Mentoring and Pair Programming
Time is fun
Billy Fung /
2017-08-17
You’re never too smart for dumb questions
One of the main benefits of pair programming is the fact that you’ll probably encounter questions you’ve never thought of people. Especially if you pair with somebody that doesn’t have much knowledge of the programming language and you are trying to teach them. It’s refreshing to get questions from an inquiring mind that has just been recently exposed to something completely new.
I don’t consider myself an expert Python programmer, especially since I always get asked questions I can’t answer. I know how the language works, and it’s features, but I still learn a lot from getting asked very specific questions that I normally don’t think of. Usually the questions pertain to things within the programming language that I gloss over, or haven’t fully learned.

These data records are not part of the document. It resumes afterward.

(* Let $\mathsf P$ be a network coding problem, let $\mathcal T\subseteq\mathcal S\cup\mathcal E$ be nonempty, and let $h\in\mathcal H[\mathcal S\cup\mathcal E]$ be the atomic function defined by $h(\beta)=1$ if $\beta\cap\mathcal T\ne\emptyset$ and $h(\beta)=0$ otherwise. Then $\mathcal T$ is a routing subnetwork for $\mathsf P$ if and only if $h\in\mathcal C_T(\mathsf P)\cap\mathcal C_I(\mathsf P)$.
   Context: A network is $\mathsf G=(\mathcal V,\mathcal E)$, $\mathcal V$ a finite set of nodes, $\mathcal E$ a finite set of hyperedges, each $e$ with tail $\mathrm{tail}(e)\in\mathcal V$ and head $\mathrm{head}(e)\subseteq\mathcal V$, without directed cycles (no nonempty sequence of links $f_1,\dots,f_k$ with $\mathrm{tail}(f_i)\in\mathrm{head}(f_{i-1})$ for $i\ge2$ and $\mathrm{tail}(f_1)\in\mathrm{head}(f_k)$). A connection constraint $\mathsf M=(\mathcal S,O,D)$: finite source index set $\mathcal S$ (disjoint from $\mathcal E$), $O:\mathcal S\to2^{\mathcal V}$ (where source $s$ is available), $D:\mathcal S\to2^{\mathcal V}$ (sinks). $\mathsf P=(\mathsf G,\mathsf M)$. Sources are imaginary edges with $\mathrm{head}(s)=O(s)$; $\mathrm{in}(e)=\{f\in\mathcal S\cup\mathcal E:\mathrm{tail}(e)\in\mathrm{head}(f)\}$ for $e\in\mathcal E$. A routing subnetwork is a subset $\mathcal T\subseteq\mathcal S\cup\mathcal E$ with $|\mathcal T\cap\mathcal S|=1$ such that $\mathrm{in}(e)\cap\mathcal T\ne\emptyset$ for every $e\in\mathcal T\cap\mathcal E$. $\mathcal H[\mathcal S\cup\mathcal E]$ is the set of real functions on subsets of $\mathcal S\cup\mathcal E$, $h(\alpha\mid\beta)=h(\alpha\cup\beta)-h(\beta)$. $\mathcal C_I(\mathsf P)=\{h:h(\mathcal S)=\sum_{s\in\mathcal S}h(s)\}$, $\mathcal C_T(\mathsf P)=\{h:h(e\mid\mathrm{in}(e))=0\ \forall e\in\mathcal E\}$. *)

theory Defs
  imports Complex_Main
begin

text \<open>A network coding problem P = (G, M). Nodes have type 'v; sources and
  hyperedges (links) share the type 'e, so that subsets of S \<union> E are of type 'e set.\<close>

record ('v, 'e) ncp =
  nodes   :: "'v set"
  edges   :: "'e set"
  tl      :: "'e \<Rightarrow> 'v"
  hd      :: "'e \<Rightarrow> 'v set"
  sources :: "'e set"
  orig    :: "'e \<Rightarrow> 'v set"
  dest    :: "'e \<Rightarrow> 'v set"

definition no_directed_cycle :: "('v, 'e) ncp \<Rightarrow> bool" where
  "no_directed_cycle P \<longleftrightarrow>
     \<not> (\<exists>fs. fs \<noteq> [] \<and> set fs \<subseteq> edges P \<and>
           (\<forall>i. 0 < i \<and> i < length fs \<longrightarrow> tl P (fs ! i) \<in> hd P (fs ! (i - 1))) \<and>
           tl P (List.hd fs) \<in> hd P (last fs))"

definition network_coding_problem :: "('v, 'e) ncp \<Rightarrow> bool" where
  "network_coding_problem P \<longleftrightarrow>
     finite (nodes P) \<and> finite (edges P) \<and> finite (sources P) \<and>
     sources P \<inter> edges P = {} \<and>
     (\<forall>e \<in> edges P. tl P e \<in> nodes P \<and> hd P e \<subseteq> nodes P) \<and>
     (\<forall>s \<in> sources P. orig P s \<subseteq> nodes P \<and> dest P s \<subseteq> nodes P) \<and>
     no_directed_cycle P"

text \<open>Sources are imaginary edges with head(s) = O(s).\<close>
definition ghead :: "('v, 'e) ncp \<Rightarrow> 'e \<Rightarrow> 'v set" where
  "ghead P f = (if f \<in> sources P then orig P f else hd P f)"

definition inc :: "('v, 'e) ncp \<Rightarrow> 'e \<Rightarrow> 'e set" where
  "inc P e = {f \<in> sources P \<union> edges P. tl P e \<in> ghead P f}"

definition routing_subnetwork :: "('v, 'e) ncp \<Rightarrow> 'e set \<Rightarrow> bool" where
  "routing_subnetwork P T \<longleftrightarrow>
     T \<subseteq> sources P \<union> edges P \<and> card (T \<inter> sources P) = 1 \<and>
     (\<forall>e \<in> T \<inter> edges P. inc P e \<inter> T \<noteq> {})"

definition cond :: "('e set \<Rightarrow> real) \<Rightarrow> 'e set \<Rightarrow> 'e set \<Rightarrow> real" where
  "cond h \<alpha> \<beta> = h (\<alpha> \<union> \<beta>) - h \<beta>"

definition C_I :: "('v, 'e) ncp \<Rightarrow> ('e set \<Rightarrow> real) set" where
  "C_I P = {h. h (sources P) = (\<Sum>s \<in> sources P. h {s})}"

definition C_T :: "('v, 'e) ncp \<Rightarrow> ('e set \<Rightarrow> real) set" where
  "C_T P = {h. \<forall>e \<in> edges P. cond h {e} (inc P e) = 0}"

definition atomic_fun :: "'e set \<Rightarrow> 'e set \<Rightarrow> real" where
  "atomic_fun T \<beta> = (if \<beta> \<inter> T \<noteq> {} then 1 else 0)"

end

theory Submission
  imports Defs
begin

text \<open>For the atomic function of \<open>T\<close>, the independence constraint compares
  \<open>h(S) \<in> {0, 1}\<close> with \<open>\<Sum>\<^sub>s h{s} = |T \<inter> S|\<close>, so it says \<open>|T \<inter> S| \<le> 1\<close>; the
  transmission constraint \<open>h(e | in(e)) = 0\<close> fails exactly when \<open>e \<in> T\<close> and
  \<open>in(e) \<inter> T = {}\<close>.  Together these give every defining property of a routing
  subnetwork except that \<open>T\<close> meets \<open>S\<close>.  If it did not, \<open>T\<close> would be a finite
  nonempty set of links each fed by another link of \<open>T\<close>; following feeding links
  backwards must revisit a link, producing a directed cycle.\<close>

lemma sum_atomic_fun_singletons:
  assumes "finite S"
  shows "(\<Sum>s\<in>S. atomic_fun T {s}) = real (card (T \<inter> S))"
proof -
  have "(\<Sum>s\<in>S. atomic_fun T {s}) = (\<Sum>s\<in>S. if s \<in> T then 1 else 0)"
    by (rule sum.cong) (auto simp: atomic_fun_def)
  also have "\<dots> = real (card (T \<inter> S))"
    using assms by (simp add: sum.If_cases Int_commute)
  finally show ?thesis .
qed

lemma atomic_fun_in_C_I_iff:
  assumes "finite (sources P)"
  shows "atomic_fun T \<in> C_I P \<longleftrightarrow> card (T \<inter> sources P) \<le> 1"
proof -
  have fin: "finite (T \<inter> sources P)" using assms by simp
  have "atomic_fun T \<in> C_I P \<longleftrightarrow> atomic_fun T (sources P) = real (card (T \<inter> sources P))"
    using sum_atomic_fun_singletons[OF assms] by (simp add: C_I_def)
  also have "\<dots> \<longleftrightarrow> card (T \<inter> sources P) \<le> 1"
    using fin card_gt_0_iff[of "T \<inter> sources P"]
    by (auto simp: atomic_fun_def Int_commute)
  finally show ?thesis .
qed

lemma atomic_fun_in_C_T_iff:
  "atomic_fun T \<in> C_T P \<longleftrightarrow> (\<forall>e \<in> T \<inter> edges P. inc P e \<inter> T \<noteq> {})"
  by (auto simp: C_T_def cond_def atomic_fun_def)

lemma not_no_directed_cycle_if_backward_walk_repeats:
  assumes walk: "\<And>n. x n \<in> edges P" "\<And>n. tl P (x n) \<in> hd P (x (Suc n))"
    and repeat: "i < j" "x i = x j"
  shows "\<not> no_directed_cycle P"
proof -
  text \<open>The cycle traverses \<open>x j, x (j - 1), \<dots>, x (i + 1)\<close> and closes up via \<open>x i = x j\<close>.\<close>
  define fs where "fs = map (\<lambda>m. x (j - m)) [0..<j - i]"
  have len: "length fs = j - i" and nth: "\<And>m. m < j - i \<Longrightarrow> fs ! m = x (j - m)"
    by (simp_all add: fs_def)
  have "fs \<noteq> []" using repeat by (simp add: fs_def)
  moreover have "set fs \<subseteq> edges P" using walk by (auto simp: fs_def)
  moreover have "tl P (fs ! k) \<in> hd P (fs ! (k - 1))" if "0 < k" "k < length fs" for k
  proof -
    have "j - (k - 1) = Suc (j - k)" using that len by auto
    then show ?thesis using that len nth[of k] nth[of "k - 1"] walk(2)[of "j - k"] by auto
  qed
  moreover have "tl P (List.hd fs) \<in> hd P (last fs)"
  proof -
    have "List.hd fs = x j" using repeat by (simp add: fs_def upt_conv_Cons)
    moreover have "last fs = x (Suc i)"
      using \<open>fs \<noteq> []\<close> len nth[of "j - i - 1"] repeat
      by (simp add: last_conv_nth Suc_diff_Suc)
    ultimately show ?thesis using walk(2)[of i] repeat by simp
  qed
  ultimately show ?thesis unfolding no_directed_cycle_def by blast
qed

lemma no_directed_cycle_has_unfed_edge:
  assumes "no_directed_cycle P" and "T \<subseteq> edges P" "finite T" "T \<noteq> {}"
  shows "\<exists>e\<in>T. \<forall>f\<in>T. tl P e \<notin> hd P f"
proof (rule ccontr)
  assume "\<not> ?thesis"
  then obtain p where p: "\<And>e. e \<in> T \<Longrightarrow> p e \<in> T \<and> tl P e \<in> hd P (p e)"
    by metis
  obtain e0 where "e0 \<in> T" using \<open>T \<noteq> {}\<close> by auto
  define x where "x n = (p ^^ n) e0" for n
  have xT: "x n \<in> T" for n by (induction n) (auto simp: x_def \<open>e0 \<in> T\<close> p)
  have "\<not> inj x"
    using finite_imageD[of x UNIV] finite_subset[of "range x" T] xT \<open>finite T\<close> by auto
  then obtain i j where "i < j" "x i = x j"
    unfolding inj_def by (metis linorder_neqE_nat)
  moreover have "tl P (x n) \<in> hd P (x (Suc n))" for n using p[OF xT[of n]] by (simp add: x_def)
  ultimately show False
    using not_no_directed_cycle_if_backward_walk_repeats[of x P] xT \<open>T \<subseteq> edges P\<close>
      \<open>no_directed_cycle P\<close> by blast
qed

theorem proposition6:
  fixes P :: "('v, 'e) ncp" and T :: "'e set" and h :: "'e set \<Rightarrow> real"
  assumes "network_coding_problem P"
    and "T \<subseteq> sources P \<union> edges P" and "T \<noteq> {}"
    and "h = atomic_fun T"
  shows "routing_subnetwork P T \<longleftrightarrow> h \<in> C_T P \<inter> C_I P"
proof -
  have finS: "finite (sources P)" and finE: "finite (edges P)" and acyclic: "no_directed_cycle P"
    using assms(1) unfolding network_coding_problem_def by auto
  have finT: "finite T" using assms(2) finS finE by (meson finite_UnI finite_subset)
  have meets_sources: "T \<inter> sources P \<noteq> {}" if fed: "\<forall>e \<in> T \<inter> edges P. inc P e \<inter> T \<noteq> {}"
  proof
    assume "T \<inter> sources P = {}"
    with assms(2) have "T \<subseteq> edges P" by auto
    with fed \<open>T \<inter> sources P = {}\<close> have "\<forall>e\<in>T. \<exists>f\<in>T. tl P e \<in> hd P f"
      by (fastforce simp: inc_def ghead_def)
    with no_directed_cycle_has_unfed_edge[OF acyclic \<open>T \<subseteq> edges P\<close> finT assms(3)]
    show False by blast
  qed
  have "card (T \<inter> sources P) = 1 \<longleftrightarrow> T \<inter> sources P \<noteq> {} \<and> card (T \<inter> sources P) \<le> 1"
    using finT by (auto simp: le_Suc_eq card_0_eq)
  then show ?thesis
    using meets_sources assms(2,4) atomic_fun_in_C_I_iff[OF finS] atomic_fun_in_C_T_iff
    unfolding routing_subnetwork_def by blast
qed

end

Being asked questions also forces you to reinforce your own understanding. I try my best to think of analogies as answers if possible, trying to connect something abstract to something more tangible. This is how I learned most of everything I was taugh in uni, taking abstract concepts and thinking of them in a way that makes them concrete.
For example, I was asked yesterday about Docker, and how Docker works within our development environment. Something that is difficult to do is finding the right balance between too much information, and too little information. To a beginner, eyes get glossy when you start delving into very technical jargon, so you have to find the right balance. I explained that Docker is like an Ikea instruction manual, very simple and no words; no matter what language you speak you can build the same final product.
That might’ve been a terrible analogy, but I never really thought about what Docker was before, only what it could do and how we could use it.